Clark again conjured her impeccably vivid soundscapes with brilliant producer/engineer John Congleton (Okkervil River, Wye Oak, Explosions in the Sky). Ace modern gospel organist Bobby Sparks "did all the really sexy keyboard parts," Clark says, helping to take St. Vincent's music where it hadn't gone before. Midlake's McKenzie Smith reprised his Actor role and once again played drums. Also contributing were Daniel Hart, Evan Smith and Beck's musical director Brian LeBarton.
"Chloe in the Afternoon" is a stunning opener, vaguely sinister and frankly kinky, serving notice of the album's intense candor and darkling tone. "Cruel" is St. Vincent you can dance to, like some phantasmagorical Abba track. The aqueous confessional "Cheerleader" is the thematic touchstone; Clark is just not going to politely mince words (or sounds) anymore. "Surgeon" blurs the line between summer daze and barbiturate haze, its suave '60s Euro-pop miraculously morphing into a slinky disco inferno, keyboards dissolving into a blaze of hysteria.

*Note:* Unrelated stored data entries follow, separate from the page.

lemma emeasure_undershoot_block_le:
  assumes l: "l \<ge> 1"
  shows "emeasure M (undershoot_block l i)
    \<le> ennreal (3 * exp (- (\<rho> * real l / 512)) * exp (- (\<rho> * real l / 2048)) ^ i)"
proof (cases "block_level l i \<le> 1/2")
  case False
  then show ?thesis by (simp add: undershoot_block_def)
next
  case True
  define y where "y = block_level l i"
  define n where "n = block_size l i"
  define a where "a = block_ratio l i"
  have y: "0 < y" "y \<le> 1/2"
    using True rel_dev_pos[OF l] rel_dev_le_block_level[OF l, of i] by (simp_all add: y_def)
  have n: "0 < n" "\<rho> * nstar / 4 \<le> real n"
    using block_size_pos[OF l True] block_size_ge(2)[OF l True] by (simp_all add: n_def)
  have a: "0 \<le> a" "a \<le> 1 - y / 2"
    using block_ratio_bounds[OF l True] by (simp_all add: a_def y_def)
  have "emeasure M (undershoot_block l i) \<le> emeasure M {\<omega>\<in>space M. sample_ssq X n \<omega> \<le> a * real n * \<sigma>\<^sup>2}"
    by (rule emeasure_mono) (auto simp: undershoot_block_def n_def a_def)
  also have "\<dots> \<le> ennreal (3 * exp (- (real n * y\<^sup>2 / 128)))"
    by (rule sample_ssq_lower_tail_gap) (use n a y in auto)
  also have "\<dots> \<le> ennreal (3 * exp (- (\<rho> * real l / 512)) * exp (- (\<rho> * real l / 2048)) ^ i)"
  proof (rule ennreal_leI)
    define q where "q = 1 + real i / 4"
    have q: "1 \<le> q" by (simp add: q_def)
    have "nstar * y\<^sup>2 = real l * q\<^sup>2"
      using nstar_pos by (simp add: y_def block_level_def q_def rel_dev_def power_mult_distrib)
    then have "\<rho> * real l * q \<le> \<rho> * nstar * y\<^sup>2"
      using q \<rho>_pos mult_left_mono[of q "q * q" "\<rho> * real l"] by (simp add: power2_eq_square)
    also have "\<dots> \<le> 4 * real n * y\<^sup>2"
      using n(2) by (intro mult_right_mono) auto
    finally have "\<rho> * real l * q / 512 \<le> real n * y\<^sup>2 / 128"
      by (simp add: mult_ac)
    moreover have "exp (- (\<rho> * real l / 512)) * exp (- (\<rho> * real l / 2048)) ^ i = exp (- (\<rho> * real l * q / 512))"
      by (simp add: exp_of_nat_mult[symmetric] exp_add[symmetric] q_def field_simps)
    ultimately show "3 * exp (- (real n * y\<^sup>2 / 128)) \<le> 3 * exp (- (\<rho> * real l / 512)) * exp (- (\<rho> * real l / 2048)) ^ i"
      by (simp add: mult.assoc)
  qed
  finally show ?thesis .
qed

The heartbreaking "Strange Mercy" is an almost Hendrixy ballad, the album's soulful core, strong at a broken place.
Strange Mercy is what happens when the very picture of elegance and poise confronts turmoil and grief: You can either gaze in mute despair at those pieces lying on the floor, or you can make something beautiful, even transcendent out of them, but only by confronting yourself. "Marry Me is very cute — it's funny and sarcastic, and that's fine, I was 22 and that's who I was," Clark says. "And Actor was cerebral — not that I would have known how to do it any differently — but I’ve grown beyond that now. I want to make a record that's more human every time."